This week, in the rooms, human and family relationships are served as tangled as you want, so that we can take pleasure in unraveling them. So it is with the man of the theater of Drive My Car, in mourning for his wife but directing her ex-lover in a new room, for the family with knives drawn from The Chessboard of the Wind or for that, rural, of Louloute, struggling with the devaluation of milk in the 1980s.
“Drive My Car”: from the theater to the passenger compartment
As night falls, a woman tells a story to the man lying next to her: an improvised erotic tale. This is the mysterious introduction to the new feature film by Ryusuke Hamaguchi, an adaptation of a new eponymous by Haruki Murakami. He is Yusuke Kafuku, a theater director; she is Oto, his wife, an actress. Yusuke finds out that Oto had an affair with a young actor, but refrains from talking about it with her. One fine evening, she dies, struck down by an attack. Two years later, the widowed man is offered to go on stage for a theater festival in Hiroshima. Uncle Vanya, by Chekhov. His wife’s young lover is part of the cast.
The beauty of Drive My Car (presented in competition, in July, at the Cannes Film Festival, where he won the screenplay prize) lies in his way of employing all kinds of elements of the film medium – time, dialogue, language, fiction – to make them release an autonomous sensuality, source of a singular truth. The catalyst for all this will be the hero’s meeting with the young woman who serves as his driver during the weeks of rehearsal. And it is during the frequent journeys that they are brought to make together that the two characters will learn to know each other as well as to state the traumas which built them. Jean-Francois Rauger
Japanese film by Ryusuke Hamaguchi.
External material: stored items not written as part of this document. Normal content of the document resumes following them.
lemma small_input_observable:
  fixes A B :: "real^'n^'n" and b C :: "real^'n"
  assumes obs: "observable_pair C A" and T: "T > 0"
  obtains \<epsilon> where "\<epsilon> > 0"
    and "\<And>u. (\<And>t. t \<in> {0..T} \<Longrightarrow> \<bar>u t\<bar> \<le> \<epsilon>) \<Longrightarrow> observable_input A B b C u T"
proof -
  obtain \<epsilon> where \<epsilon>: "\<epsilon> > 0"
    and zero: "\<And>u e t. (\<And>t. t \<in> {0..T} \<Longrightarrow> \<bar>u t\<bar> \<le> \<epsilon>) \<Longrightarrow>
      (\<And>t. t \<in> {0..T} \<Longrightarrow> (e has_vector_derivative Au A B (u t) *v e t) (at t within {0..T})) \<Longrightarrow>
      (\<And>t. t \<in> {0..T} \<Longrightarrow> C \<bullet> e t = 0) \<Longrightarrow> t \<in> {0..T} \<Longrightarrow> e t = 0"
    using zero_output_small_input_imp_zero[OF obs T] by blast
  have "observable_input A B b C u T" if small: "\<And>t. t \<in> {0..T} \<Longrightarrow> \<bar>u t\<bar> \<le> \<epsilon>" for u
    unfolding observable_input_def
  proof (intro allI impI ballI)
    fix x\<^sub>1 x\<^sub>2 t
    assume sols: "ctrl_sol A B b u T x\<^sub>1 \<and> ctrl_sol A B b u T x\<^sub>2 \<and> (\<forall>t\<in>{0..T}. C \<bullet> x\<^sub>1 t = C \<bullet> x\<^sub>2 t)"
      and t: "t \<in> {0..T}"
    have "x\<^sub>1 t - x\<^sub>2 t = 0"
    proof (rule zero[where e = "\<lambda>t. x\<^sub>1 t - x\<^sub>2 t", OF small _ _ t])
      show "((\<lambda>t. x\<^sub>1 t - x\<^sub>2 t) has_vector_derivative Au A B (u s) *v (x\<^sub>1 s - x\<^sub>2 s)) (at s within {0..T})"
        if "s \<in> {0..T}" for s
        using sols that by (blast intro: ctrl_sol_diff_has_vector_derivative)
      show "C \<bullet> (x\<^sub>1 s - x\<^sub>2 s) = 0" if "s \<in> {0..T}" for s
        using sols that by (simp add: inner_diff_right)
    qed
    then show "x\<^sub>1 t = x\<^sub>2 t"
      by simp
  qed
  with \<epsilon> show thesis
    by (rule that)
qed

lemma Cinf_isCont: "Cinf f \<Longrightarrow> isCont f x"
  by (erule Cinf.cases) (simp add: differentiable_imp_continuous_within)
(* Let $X=(X(s))_{s\in\mathbb S}$, $\mathbb S\subset\mathbb R^2$, be a stationary spatial process and let $\mathcal D_X=(\mathcal D_X(s))_{s\in\mathbb S}$ be a positive damage function of $X$. For a region $\mathcal A\subset\mathbb S$ of finite positive Lebesgue measure $|\mathcal A|$ put $$L(\mathcal A,\mathcal D_X)=\frac{1}{|\mathcal A|}\int_{\mathcal A}\mathcal D_X(s)\,\mathrm ds,\qquad \mathcal R_1(\mathcal A,\mathcal D_X)=\mathrm{Var}\big(L(\mathcal A,\mathcal D_X)\big).$$ Then: (i) (invariance by translation) for every region $\mathcal A$ and every $v\in\mathbb R^2$ with $\mathcal A+v\subset\mathbb S$, $\mathcal R_1(\mathcal A+v,\mathcal D_X)=\mathcal R_1(\mathcal A,\mathcal D_X)$; (ii) (sub-additivity) for any two disjoint regions $\mathcal A_1,\mathcal A_2\subset\mathbb S$, $\mathcal R_1(\mathcal A_1\cup\mathcal A_2,\mathcal D_X)\le \mathcal R_1(\mathcal A_1,\mathcal D_X)+\mathcal R_1(\mathcal A_2,\mathcal D_X)$.
   Context: A damage function of $X$ is a nonnegative process obtained pointwise from $X$, i.e. $\mathcal D_X(s)=g(X(s))$ for a fixed measurable function $g$ with values in $\mathbb R_+$ (for example $g(x)=(x-u)^+$); it is assumed that $\mathcal D_X$ is jointly measurable and square integrable so that the integrals and variances above are well defined. $\mathcal A+v=\{a+v:a\in\mathcal A\}$. *)

theory Defs
  imports "HOL-Probability.Probability"
begin
lemma cut_cop_all_forests_rec:
  assumes k_Node: "\<And>ts. k (Node ts) = ([Node ts], []) # map (\<lambda>(P, R). (P, [Node R])) (L ts)"
    and weight: "\<And>F P R. (P, R) \<in> set (forest_cuts k F) \<Longrightarrow> fw P + fw R = fw F"
  defines "X \<equiv> cut_cop (forest_cuts k) all_forests" and "Z \<equiv> cut_cop L all_forests"
  shows "X (G, H) = (if G = [] \<and> H = [] then 1 else 0)
     + (if G \<noteq> [] then X (tl G, H) else 0)
     + (if H \<noteq> [] then (\<Sum>i\<le>length G. Z (take i G, children (hd H)) * X (drop i G, tl H)) else 0)"
proof -
  let ?T = "cut_cop (forest_cuts k) all_trees"
  have "X (G, H) = cut_cop (forest_cuts k) fone (G, H) + tmul ?T X (G, H)"
    unfolding X_def by (subst (1) all_forests_eq) (simp add: cut_cop_fadd cut_cop_fmul[OF weight])
  also have "tmul ?T X (G, H)
     = (\<Sum>(i, j)\<in>{..length G} \<times> {..length H}.
          if (i, j) = (1, 0) \<and> G \<noteq> [] then X (drop i G, drop j H) else 0)
     + (\<Sum>(i, j)\<in>{..length G} \<times> {..length H}.
          if j = 1 \<and> H \<noteq> [] then Z (take i G, children (hd H)) * X (drop i G, drop j H) else 0)"
    unfolding tmul_def prod.case cut_cop_all_trees[OF k_Node] Z_def sum.distrib[symmetric] split_def
    by (rule sum.cong) (auto simp: min_def take_Suc hd_conv_nth split: if_splits)
  also have "(\<Sum>(i, j)\<in>{..length G} \<times> {..length H}.
      if (i, j) = (1, 0) \<and> G \<noteq> [] then X (drop i G, drop j H) else 0)
      = (if G \<noteq> [] then X (tl G, H) else 0)"
  proof (cases "G = []")
    case False
    then have "(\<Sum>(i, j)\<in>{..length G} \<times> {..length H}.
        if (i, j) = (1, 0) \<and> G \<noteq> [] then X (drop i G, drop j H) else 0)
        = (\<Sum>x\<in>{..length G} \<times> {..length H}.
             if x = (1, 0) then X (drop (fst x) G, drop (snd x) H) else 0)"
      by (intro sum.cong) (auto simp: case_prod_unfold)
    also have "\<dots> = X (tl G, H)"
      using False by (simp add: sum.delta' drop_Suc Suc_le_eq)
    finally show ?thesis
      using False by simp
  qed simp
  also have "(\<Sum>(i, j)\<in>{..length G} \<times> {..length H}.
      if j = 1 \<and> H \<noteq> [] then Z (take i G, children (hd H)) * X (drop i G, drop j H) else 0)
     = (if H \<noteq> [] then (\<Sum>i\<le>length G. Z (take i G, children (hd H)) * X (drop i G, tl H)) else 0)"
  proof (cases "H = []")
    case False
    then show ?thesis
      unfolding sum.cartesian_product[symmetric]
      by (simp add: sum.delta drop_Suc Suc_le_eq cong: if_cong)
  qed simp
  finally show ?thesis
    by (simp add: cut_cop_fone)
qed

lemma sum_closed_forms_product:
  assumes "c \<ge> 1"
    and Z: "\<And>P. Z (P, r) = of_nat ((length P + c * Suc (fw r) - 2) choose length P)"
    and f: "\<And>P. f (P, H) = of_nat ((length P + c * fw H) choose length P)"
  shows "(\<Sum>i\<le>length G. Z (take i G, r) * f (drop i G, H))
    = of_nat ((length G + c * fw (Node r # H) - 1) choose length G)"
proof -
  let ?a = "c * Suc (fw r) - 1"
  have "(\<Sum>i\<le>length G. Z (take i G, r) * f (drop i G, H))
      = of_nat (\<Sum>i\<le>length G. ((i + ?a - 1) choose i) * ((length G - i + c * fw H) choose (length G - i)))"
    unfolding of_nat_sum
  proof (rule sum.cong[OF refl])
    fix i assume "i \<in> {..length G}"
    moreover have "i + c * Suc (fw r) - 2 = i + ?a - 1"
      using \<open>c \<ge> 1\<close> by (simp add: Suc_le_eq)
    ultimately show "Z (take i G, r) * f (drop i G, H)
        = of_nat (((i + ?a - 1) choose i) * ((length G - i + c * fw H) choose (length G - i)))"
      by (simp add: Z f min_def)
  qed
  also have "\<dots> = of_nat ((length G + ?a + c * fw H) choose length G)"
    by (simp only: sum_choose_upper_vandermonde)
  also have "length G + ?a + c * fw H = length G + c * fw (Node r # H) - 1"
    using \<open>c \<ge> 1\<close> by (simp add: algebra_simps)
  finally show ?thesis .
qed

lemma cut_recursion_closed_form:
  fixes f Z :: alg2 and c :: nat
  assumes "c \<ge> 1"
    and rec: "\<And>G H. f (G, H) = (if G = [] \<and> H = [] then 1 else 0)
       + (if G \<noteq> [] then f (tl G, H) else 0)
       + (if H \<noteq> [] then (\<Sum>i\<le>length G. Z (take i G, children (hd H)) * f (drop i G, tl H)) else 0)"
    and Z: "\<And>r P. (\<And>P'. f (P', r) = of_nat ((length P' + c * fw r) choose length P'))
       \<Longrightarrow> Z (P, r) = of_nat ((length P + c * Suc (fw r) - 2) choose length P)"
  shows "f (G, H) = of_nat ((length G + c * fw H) choose length G)"
proof (induction "fw H" arbitrary: G H rule: less_induct)
  case less
  show ?case
  proof (cases H)
    case Nil
    show ?thesis
      by (induction G) (subst rec, simp add: Nil)+
  next
    case H: (Cons h H')
    obtain r where h: "h = Node r"
      by (cases h)
    have sum_eq: "(\<Sum>i\<le>length G. Z (take i G, r) * f (drop i G, H'))
        = of_nat ((length G + c * fw H - 1) choose length G)" for G
      using sum_closed_forms_product[OF \<open>c \<ge> 1\<close> Z[OF less] less] by (simp add: H h)
    have "c * fw H \<ge> 1"
      using \<open>c \<ge> 1\<close> by (simp add: H h)
    show ?thesis
    proof (induction G)
      case Nil
      show ?case
        using sum_eq[of "[]"] by (subst rec) (simp add: H h)
    next
      case (Cons g G')
      have "f (g # G', H)
          = f (G', H) + (\<Sum>i\<le>length (g # G'). Z (take i (g # G'), r) * f (drop i (g # G'), H'))"
        by (subst rec) (simp add: H h del: sum.atMost_Suc)
      then show ?case
        using Cons.IH sum_eq[of "g # G'"] \<open>c * fw H \<ge> 1\<close> by simp
    qed
  qed
qed

lemma cut_cop_cuts_all_forests:
  "cut_cop (forest_cuts cuts) all_forests (G, H) = of_nat ((length G + 2 * fw H) choose length G)"
proof (rule cut_recursion_closed_form[where c = 2])
  show "cut_cop (forest_cuts cuts) all_forests (G, H) = (if G = [] \<and> H = [] then 1 else 0)
      + (if G \<noteq> [] then cut_cop (forest_cuts cuts) all_forests (tl G, H) else 0)
      + (if H \<noteq> [] then (\<Sum>i\<le>length G. cut_cop (forest_cuts cuts) all_forests (take i G, children (hd H))
           * cut_cop (forest_cuts cuts) all_forests (drop i G, tl H)) else 0)" for G H
    by (rule cut_cop_all_forests_rec[OF cuts_Node forest_cuts_cuts_weight])
qed simp_all

lemma count_forest_cuts_fcuts:
  "count_list (forest_cuts (fcuts True) F) (G, H) = count_list (fr_child_cuts F) (G, H)
     + (if F \<noteq> [] \<and> G \<noteq> [] \<and> hd G = hd F
        then count_list (forest_cuts (fcuts True) (tl F)) (tl G, H) else 0)"
proof (cases F)
  case (Cons t F')
  have "inj (\<lambda>(P', R'). (t # P', R'))"
    by (auto simp: inj_def)
  then have "count_list (map (\<lambda>(P', R'). (t # P', R')) (forest_cuts (fcuts True) F')) (G, H)
      = (if G \<noteq> [] \<and> hd G = t then count_list (forest_cuts (fcuts True) F') (tl G, H) else 0)"
    using count_list_map_conv[of "\<lambda>(P', R'). (t # P', R')" _ "(tl G, H)"]
    by (cases G) (auto simp: count_list_0_iff)
  moreover have "forest_cuts (fcuts True) F
      = map (\<lambda>(P', R'). (t # P', R')) (forest_cuts (fcuts True) F') @ fr_child_cuts F"
    by (simp add: Cons forest_cuts_Cons fcuts_True pair_prod_Cons fr_child_cuts_def)
  ultimately show ?thesis
    by (simp add: Cons)
qed (simp add: fr_child_cuts_def)

lemma cut_cop_fr_child_cuts:
  "cut_cop fr_child_cuts all_forests (G, H) = cut_cop (forest_cuts (fcuts True)) all_forests (G, H)
     - (if G \<noteq> [] then cut_cop (forest_cuts (fcuts True)) all_forests (tl G, H) else 0)"
proof -
  let ?n = "fw G + fw H"
  let ?head = "\<lambda>F. of_nat (if F \<noteq> [] \<and> G \<noteq> [] \<and> hd G = hd F
      then count_list (forest_cuts (fcuts True) (tl F)) (tl G, H) else 0) :: rat"
  have "cut_cop (forest_cuts (fcuts True)) all_forests (G, H)
      = cut_cop fr_child_cuts all_forests (G, H) + (\<Sum>F\<in>forests_of_weight ?n. ?head F)"
    unfolding cut_cop_def kernel_map_def all_forests_def prod.case
    by (simp add: count_forest_cuts_fcuts sum.distrib)
  also have "(\<Sum>F\<in>forests_of_weight ?n. ?head F)
      = (if G \<noteq> [] then cut_cop (forest_cuts (fcuts True)) all_forests (tl G, H) else 0)"
  proof (cases G)
    case (Cons g G')
    have "(\<Sum>F\<in>forests_of_weight ?n. ?head F) = (\<Sum>F\<in>forests_of_weight ?n.
        if F \<noteq> [] \<and> hd F = g then of_nat (count_list (forest_cuts (fcuts True) (tl F)) (G', H)) else 0)"
      by (rule sum.cong) (auto simp: Cons)
    also have "\<dots> = (\<Sum>F\<in>forests_of_weight (?n - tw g).
        of_nat (count_list (forest_cuts (fcuts True) F) (G', H)))"
      by (rule sum_forests_of_weight_head) (simp add: Cons)
    finally show ?thesis
      by (simp add: Cons cut_cop_def kernel_map_def all_forests_def)
  qed simp
  finally show ?thesis
    by simp
qed

lemma cut_cop_fcuts_all_forests:
  "cut_cop (forest_cuts (fcuts True)) all_forests (G, H) = of_nat ((length G + fw H) choose length G)"
proof -
  have "cut_cop (forest_cuts (fcuts True)) all_forests (G, H) = of_nat ((length G + 1 * fw H) choose length G)"
  proof (rule cut_recursion_closed_form[where c = 1])
  show "cut_cop (forest_cuts (fcuts True)) all_forests (G, H) = (if G = [] \<and> H = [] then 1 else 0)
      + (if G \<noteq> [] then cut_cop (forest_cuts (fcuts True)) all_forests (tl G, H) else 0)
      + (if H \<noteq> [] then (\<Sum>i\<le>length G. cut_cop fr_child_cuts all_forests (take i G, children (hd H))
           * cut_cop (forest_cuts (fcuts True)) all_forests (drop i G, tl H)) else 0)" for G H
    using fcuts_Node[of True] by (intro cut_cop_all_forests_rec forest_cuts_fcuts_weight) simp_all
  show "cut_cop fr_child_cuts all_forests (P, r) = of_nat ((length P + 1 * Suc (fw r) - 2) choose length P)"
    if closed: "\<And>P'. cut_cop (forest_cuts (fcuts True)) all_forests (P', r)
                  = of_nat ((length P' + 1 * fw r) choose length P')" for r P
  proof (cases P)
    case (Cons p P')
    have "Suc (length P' + fw r) choose Suc (length P')
        = (length P' + fw r choose length P') + (length P' + fw r choose Suc (length P'))"
      by simp
    then show ?thesis
      by (simp add: cut_cop_fr_child_cuts closed Cons)
  qed (simp add: cut_cop_fr_child_cuts closed)
  qed simp
  then show ?thesis
    by simp
qed

section \<open>Coproducts of the generators\<close>

definition tensor :: "alg \<Rightarrow> alg \<Rightarrow> alg2" where
  "tensor a b = (\<lambda>(G, H). a G * b H)"

lemma tens_sum_Nil: "tens_sum [] = (\<lambda>p. 0)"
  by (simp add: tens_sum_def fun_eq_iff)

lemma tens_sum_Cons: "tens_sum ((a, b) # ps) = (\<lambda>p. tensor a b p + tens_sum ps p)"
  by (simp add: tens_sum_def tensor_def fun_eq_iff)

lemma tens_sum_append: "tens_sum (ps @ qs) = (\<lambda>p. tens_sum ps p + tens_sum qs p)"
  by (simp add: tens_sum_def fun_eq_iff)

lemma tens_sum_smul: "tens_sum (map (\<lambda>(a, b). (smul c a, b)) ps) = (\<lambda>p. c * tens_sum ps p)"
  by (induction ps) (auto simp: tens_sum_def smul_def fun_eq_iff algebra_simps)

lemma tens_sum_upt:
  "tens_sum (map f [0..<Suc n]) (G, H) = (\<Sum>k\<le>n. fst (f k) G * snd (f k) H)"
proof -
  have "tens_sum (map f [0..<Suc n]) (G, H) = sum_list (map (\<lambda>k. fst (f k) G * snd (f k) H) [0..<Suc n])"
    by (simp add: tens_sum_def case_prod_unfold comp_def)
  also have "\<dots> = (\<Sum>k\<in>set [0..<Suc n]. fst (f k) G * snd (f k) H)"
    by (rule sum_set_upt_conv_sum_list_nat[symmetric])
  also have "set [0..<Suc n] = {..n}"
    by auto
  finally show ?thesis .
qed

definition tens_prod :: "(alg \<times> alg) list \<Rightarrow> (alg \<times> alg) list \<Rightarrow> (alg \<times> alg) list" where
  "tens_prod ps qs = concat (map (\<lambda>(a1, b1). map (\<lambda>(a2, b2). (fmul a1 a2, fmul b1 b2)) qs) ps)"
(* Let $q$ be a prime power and $n$ a positive integer with $\gcd(q,n)=1$. Iso-self-dual cyclic codes over $\mathbb{F}_q$ of length $n$ exist if and only if $0<\nu_2(n)<2\,\nu_2(q-1)$.
   Context: $R_n=\mathbb{F}_q[X]/\langle X^n-1\rangle$; each element is identified with its unique representative $a_0+a_1X+\dots+a_{n-1}X^{n-1}$ and with the word $(a_0,\dots,a_{n-1})\in\mathbb{F}_q^n$. A cyclic code of length $n$ is an ideal of $R_n$; $C^\perp$ is the Euclidean dual of $C$ in $\mathbb{F}_q^n$. Fix a primitive $n$-th root of unity $\theta$ in an extension field of $\mathbb{F}_q$. For $s\in\mathbb{Z}_n^*$ (unit group of $\mathbb{Z}/n\mathbb{Z}$) and $t\in\mathbb{Z}_n$ with $qt\equiv t\pmod n$ (so $\theta^t\in\mathbb{F}_q$), let $\varphi_{s,t}:R_n\to R_n$, $a(X)\mapsto a(\theta^{-t}X^{s^{-1}})\bmod (X^n-1)$, where $s^{-1}$ is a positive integer with $ss^{-1}\equiv1\pmod n$. A cyclic code $C\subseteq R_n$ is iso-self-dual if there exist such $s,t$ with $\varphi_{s,t}(C)=C^\perp$. For a nonzero integer $m$, $\nu_2(m)$ is the exponent of the largest power of $2$ dividing $m$; $\nu_2(0)=\infty$. *)

theory Defs
  imports "HOL-Computational_Algebra.Computational_Algebra" "HOL-Number_Theory.Cong"
begin

definition xn1 :: "nat \<Rightarrow> 'a::field poly" where
  "xn1 n = monom 1 n - 1"

text \<open>Elements of R_n, identified with their unique representatives of degree < n.\<close>
definition Rn :: "nat \<Rightarrow> 'a::field poly set" where
  "Rn n = {p. p = 0 \<or> degree p < n}"

text \<open>A cyclic code of length n: an ideal of R_n (as a set of representatives).\<close>
definition cyclic_code :: "nat \<Rightarrow> 'a::field poly set \<Rightarrow> bool" where
  "cyclic_code n C \<longleftrightarrow> C \<subseteq> Rn n \<and> 0 \<in> C \<and>
     (\<forall>a\<in>C. \<forall>b\<in>C. a + b \<in> C) \<and>
     (\<forall>a\<in>C. \<forall>r. (r * a) mod xn1 n \<in> C)"

text \<open>Euclidean dual in F_q^n, a word (a_0,...,a_{n-1}) being the coefficient vector.\<close>
definition dual_code :: "nat \<Rightarrow> 'a::field poly set \<Rightarrow> 'a poly set" where
  "dual_code n C = {b \<in> Rn n. \<forall>a\<in>C. (\<Sum>i<n. coeff a i * coeff b i) = 0}"

text \<open>phi_{s,t}(a) = a(theta^{-t} X^{s'}) mod (X^n - 1), where s' is a positive inverse of s
  mod n and theta^{-t} is the element of F_q whose image under the field embedding emb
  is inverse (theta^t).\<close>
definition phi :: "('a::field \<Rightarrow> 'b::field) \<Rightarrow> 'b \<Rightarrow> nat \<Rightarrow> nat \<Rightarrow> nat \<Rightarrow> 'a poly \<Rightarrow> 'a poly" where
  "phi emb \<theta> n s' t a =
     pcompose a (monom (THE c. emb c = inverse (\<theta> ^ t)) s') mod xn1 n"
With Hidetoshi Nishijima, Toko Miura, Masaki Okada (2 h 59).
“The Chessboard of the Wind”: the collapse of an Iranian family
What could pass for a simple exit of summer is in fact a miraculous work, as it sometimes happens in the cinema to regurgitate. The Chessboard of the Wind is the first feature film by Mohammad Reza Aslani, multidisciplinary artist. This first attempt was only screened once, in 1976, at the Tehran International Festival, where it was coldly received. In 1979, the Islamic regime in place sealed its fate by banning it.